Answers for HW #5

Spring 2008


Problem 1

part (a)

There is no good reason to rely on the robustness of Student's t test, since all of the two-sample nonparametric procedures are valid, and one of them produces a smaller p-value.

0.070 is the smallest of the valid p-values, and it is produced by the Fisher's exact test. Other p-values are given below. (Note: Welch's test should not be used since under the null hypothesis the variances are equal.)

part (b)

The value of the test statistic is about 1.6845, and the resulting p-value is about 0.11.

Problem 2

part (a)

Since it seems safe to assume that one distribution is stochastically larger than the other if they aren't identical, the two-sample nonparametric tests can be used for a test about the means, and so one doesn't have to strongly consider whether or not Welch's test is an appropriate choice, since it doesn't produce the smallest p-value. (If one was to use Welch's test, its robustness would have to be relied upon, which may be a problem due to the small sample sizes and the fact that one distribution may be more strongly skewed than the other one is.) We should remove Student's t test from consideration because the variances may be rather unequal. (Note: One always has to make some assumptions, and in this case the data provides no evidence against the assumption that one distribution is stochastically larger than the other if they differ, but the data does provide some evidence of nonnormality and unequal variances. The fact that heteroscedasticity makes Welch's test the choice over Student's t test causes a problem since with such small sample sizes, the estimated df to use may be inaccurate. So, all in all, I worry less about making the assumption of one distribution being stochastically larger than the other if they differ, than I do about the robustness of Welch's test.)

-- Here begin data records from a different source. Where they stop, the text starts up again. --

lemma gz_inj: "inj_on (gz p) (enum_index p)"
proof (rule inj_onI)
  fix i j assume i: "i \<in> enum_index p" and j: "j \<in> enum_index p" and eq: "gz p i = gz p j"
  have "\<not> i < j" using gz_in[OF j] eq by (metis Diff_iff image_eqI lessThan_iff)
  moreover have "\<not> j < i" using gz_in[OF i] eq by (metis Diff_iff image_eqI lessThan_iff)
  ultimately show "i = j" by simp
qed

lemma gz_mono:
  assumes "i \<le> j" and j: "j \<in> enum_index p"
  shows "pmf p (gz p j) \<le> pmf p (gz p i)"
proof -
  have "gz p j \<in> set_pmf p - gz p ` {..<i}" using gz_in[OF j] assms(1) by auto
  then show ?thesis using gz_max[OF enum_index_down[OF j assms(1)]] by blast
qed

text \<open>The greedy enumeration exhausts the support: in the infinite case an
  element never picked would dominate infinitely many picked ones.\<close>
lemma gz_image: "gz p ` enum_index p = set_pmf p"
proof (cases "finite (set_pmf p)")
  case True
  let ?N = "card (set_pmf p)"
  have idx: "enum_index p = {..<?N}" using True by (simp add: enum_index_def)
  have sub: "gz p ` {..<?N} \<subseteq> set_pmf p" using gz_in idx by auto
  have "card (gz p ` {..<?N}) = ?N" using card_image[OF gz_inj[of p]] idx by simp
  then show ?thesis using card_subset_eq[OF True sub] idx by simp
next
  case False
  have idx: "enum_index p = UNIV" using False by (simp add: enum_index_def)
  have sub: "range (gz p) \<subseteq> set_pmf p" using gz_in idx by blast
  show ?thesis
  proof (rule ccontr)
    assume "gz p ` enum_index p \<noteq> set_pmf p"
    then obtain x where x: "x \<in> set_pmf p" "x \<notin> range (gz p)" using sub idx by auto
    have "range (gz p) \<subseteq> {y. pmf p x \<le> pmf p y}"
      using x gz_max[of _ p x] idx by auto
    moreover have "pmf p x > 0" using x by (simp add: pmf_positive)
    ultimately have "finite (range (gz p))" using finite_pmf_ge finite_subset by blast
    moreover have "inj (gz p)" using gz_inj[of p] idx by simp
    ultimately show False using finite_imageD[of "gz p" UNIV] by simp
  qed
qed

lemma sorted_enum_ex: "\<exists>z. sorted_enum p z"
  unfolding sorted_enum_def bij_betw_def
  using gz_inj[of p] gz_image[of p] gz_mono[of _ _ p] by blast
lemma potential_pga_step_ge:
  assumes pot: "is_alpha_potential A P u \<delta> \<alpha> \<Phi>" and \<nu>: "\<nu> \<in> prob_simplex UNIV"
    and \<pi>: "valid_profile A \<pi>" and \<eta>: "0 < \<eta>"
  shows "(\<Sum>s\<in>UNIV. \<nu> s * \<Phi> s (pga_step \<eta> \<pi>)) - (\<Sum>s\<in>UNIV. \<nu> s * \<Phi> s \<pi>)
         \<ge> 1 / (2 * \<eta> * (1 - \<delta>)) *
             (\<Sum>i\<in>UNIV. \<Sum>s\<in>UNIV. visitation A P \<delta> \<nu> (\<pi>(i := pga_step \<eta> \<pi> i)) s
                * (\<Sum>a\<in>A i. (pga_step \<eta> \<pi> i s a - \<pi> i s a)^2))
           - 4 * \<eta>^2 * max_actions^2 * (real CARD('i))^2 / (1 - \<delta>)^5
           - (real CARD('i))^2 * \<alpha>"
proof -
  define N where "N = real CARD('i)"
  define e where "e = \<eta> * max_actions / (1 - \<delta>)"
  define S where "S i = (\<Sum>s\<in>UNIV. visitation A P \<delta> \<nu> (\<pi>(i := pga_step \<eta> \<pi> i)) s
      * (\<Sum>a\<in>A i. (pga_step \<eta> \<pi> i s a - \<pi> i s a)^2))" for i
  have d0: "0 < 1 - \<delta>" using \<delta>_lt1 by simp
  have "(\<Sum>i\<in>UNIV. 1 / (\<eta> * (1 - \<delta>)) * S i - 3 * (N * e) * e / (1 - \<delta>)^3) - N * \<alpha>
      \<le> (\<Sum>s\<in>UNIV. \<nu> s * \<Phi> s (pga_step \<eta> \<pi>)) - (\<Sum>s\<in>UNIV. \<nu> s * \<Phi> s \<pi>)"
    unfolding N_def e_def S_def
    by (rule potential_gain_ge_sum[OF pot \<nu> \<pi> valid_pga_step hybrid_gain_pga_step_ge[OF \<pi> \<nu> \<eta>]])
  moreover have "1 / (2 * \<eta> * (1 - \<delta>)) * (\<Sum>i\<in>UNIV. S i) \<le> 1 / (\<eta> * (1 - \<delta>)) * (\<Sum>i\<in>UNIV. S i)"
  proof (intro mult_right_mono)
    show "0 \<le> (\<Sum>i\<in>UNIV. S i)" unfolding S_def visitation_eq
      using d0 occupancy_nonneg[OF stochastic_joint_prob[OF valid_profile_upd[OF \<pi>]] \<nu>] valid_pga_step
      by (auto intro!: sum_nonneg mult_nonneg_nonneg simp: valid_profile_def)
  qed (use \<eta> d0 in \<open>simp add: field_simps\<close>)
  moreover have "N * (3 * (N * e) * e / (1 - \<delta>)^3) \<le> 4 * \<eta>^2 * max_actions^2 * N^2 / (1 - \<delta>)^5"
  proof -
    have "N * (3 * (N * e) * e / (1 - \<delta>)^3) = 3 * (\<eta>^2 * max_actions^2 * N^2) / (1 - \<delta>)^5"
      unfolding e_def using d0 by (simp add: field_simps power2_eq_square power3_eq_cube power_def)
    also have "\<dots> \<le> 4 * (\<eta>^2 * max_actions^2 * N^2) / (1 - \<delta>)^5"
      using d0 by (intro divide_right_mono mult_right_mono) auto
    finally show ?thesis by (simp add: mult.assoc)
  qed
  moreover have "N * \<alpha> \<le> N^2 * \<alpha>"
    using alpha_potential_nonneg[OF pot] unfolding N_def
    by (intro mult_right_mono) (auto simp: power2_eq_square)
  ultimately show ?thesis
    unfolding S_def[symmetric] sum_subtractf sum_distrib_left[symmetric] sum_constant N_def by linarith
qed

end

theorem mainTheorem5:
  fixes A :: "'i::finite \<Rightarrow> 'a::finite set"
    and P :: "'s::finite \<Rightarrow> ('i \<Rightarrow> 'a) \<Rightarrow> 's \<Rightarrow> real"
    and u :: "'i \<Rightarrow> 's \<Rightarrow> ('i \<Rightarrow> 'a) \<Rightarrow> real"
    and \<delta> \<alpha> \<eta> :: real
    and \<Phi> :: "'s \<Rightarrow> ('i \<Rightarrow> 's \<Rightarrow> 'a \<Rightarrow> real) \<Rightarrow> real"
    and \<nu> :: "'s \<Rightarrow> real"
    and t :: nat
  assumes A_ne: "\<And>i. A i \<noteq> {}"
    and P_nonneg: "\<And>s a s'. a \<in> joint A \<Longrightarrow> 0 \<le> P s a s'"
    and P_sum: "\<And>s a. a \<in> joint A \<Longrightarrow> (\<Sum>s'\<in>UNIV. P s a s') = 1"
    and u_range: "\<And>i s a. a \<in> joint A \<Longrightarrow> 0 \<le> u i s a \<and> u i s a \<le> 1"
    and \<delta>_pos: "0 < \<delta>" and \<delta>_lt1: "\<delta> < 1"
    and \<eta>_pos: "0 < \<eta>"
    and pot: "is_alpha_potential A P u \<delta> \<alpha> \<Phi>"
    and \<nu>_dist: "\<nu> \<in> prob_simplex UNIV"
  shows "(\<Sum>s\<in>UNIV. \<nu> s * \<Phi> s (pga A P u \<delta> \<eta> (Suc t)))
           - (\<Sum>s\<in>UNIV. \<nu> s * \<Phi> s (pga A P u \<delta> \<eta> t))
         \<ge> 1 / (2 * \<eta> * (1 - \<delta>)) *
             (\<Sum>i\<in>UNIV. \<Sum>s\<in>UNIV.
                visitation A P \<delta> \<nu> ((pga A P u \<delta> \<eta> t)(i := pga A P u \<delta> \<eta> (Suc t) i)) s
                * (\<Sum>a\<in>A i. (pga A P u \<delta> \<eta> (Suc t) i s a - pga A P u \<delta> \<eta> t i s a)^2))
           - 4 * \<eta>^2 * (real (Max ((\<lambda>i. card (A i)) ` UNIV)))^2 * (real CARD('i))^2 / (1 - \<delta>)^5
           - (real CARD('i))^2 * \<alpha>"
proof -
  interpret markov_game A P \<delta> u
    by unfold_locales (use A_ne P_nonneg P_sum u_range \<delta>_pos \<delta>_lt1 in auto)
  show ?thesis
    using potential_pga_step_ge[OF pot \<nu>_dist valid_pga \<eta>_pos]
    unfolding pga_Suc max_actions_def .
qed

end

0.021 is the smallest of the valid p-values, and it is produced by the W-M-W test (using the exact version, breaking ties conservatively). (Note: The only tied values occur in the same sample, and so the same sum of ranks is obtained whether one uses midranks or only integer ranks.) Other p-values are given below. (Note: One cannot directly address the one-sided altrernative with the W-W runs test, but the p-value from the W-W runs test can be applied to the two-sided alternative, and then given the indication from the data of which mean is greater than which other mean if they differ, that two-sided alternative p-value can be used with the one-sided alternative. This inability to directly address a one-sided alternative with a W-W runs test generally results in low power when the test result is applied to a one-sided alternative.)

part (b)

Because it doesn't seem appropriate to assume a shift model, the interval associated with the W-M-W procedure, which is (4, 38), should not be used. Furthermore, since there is no good reason to assume equal variances, the Welch interval, which is (-2, 39), should be preferred to Student's t interval, which is (1, 36). (It should be noted that while it's not reasonable to believe that the assumption of normality underlying Welch's interval is met, relying on it's robustness is the best that we can do given the procedures covered in STAT 554, since the other procedures can be more inaccurate if the variances differ.) Although the usual rule of thumb applied to the estimated standard error of the difference in sample means indicates rounding to the nearest tenth is appropriate, since the data values are only recorded to the nearest integer, and violations of the assumptions makes the procedure subject to some inaccuracy, I will report the interval estimate as (-2, 39).


Problem 3

There is no good reason to rely on the robustness of Student's t test, since all of the two-sample nonparametric procedures are valid, and one of them produces a smaller p-value.

0.60 is the smallest of the valid p-values, and it is produced by Wald-Wolfowitz runs test (exact version). Other p-values are given below. (Note: Welch's test should not be used since under the null hypothesis the variances are equal.)

Problem 4

It should be noted that we have matched pairs instead of two independent samples.

One can begin by examining some possibilities. Here are p-values from a variety of tests: The Wilcoxon signed-rank test should be chosen, since it produces the smallest p-value of all of the reasonable candidates, and it's a perfectly valid test when doing a test for a treatment effect. The desired p-value is about 0.0026.

Johnson's test should not be used, since it is for tests about the mean of a skewed distribution. The accuracy of the t test and the tests based on the trimmed means should be decent, though perhaps not great. But since these tests are not exact tests, and they don't produce the smallest p-value, there is no need to rely on them. The sign test is perfectly valid, but it doesn't produce a p-value which is smaller than the perfectly valid one which results from the signed-rank test.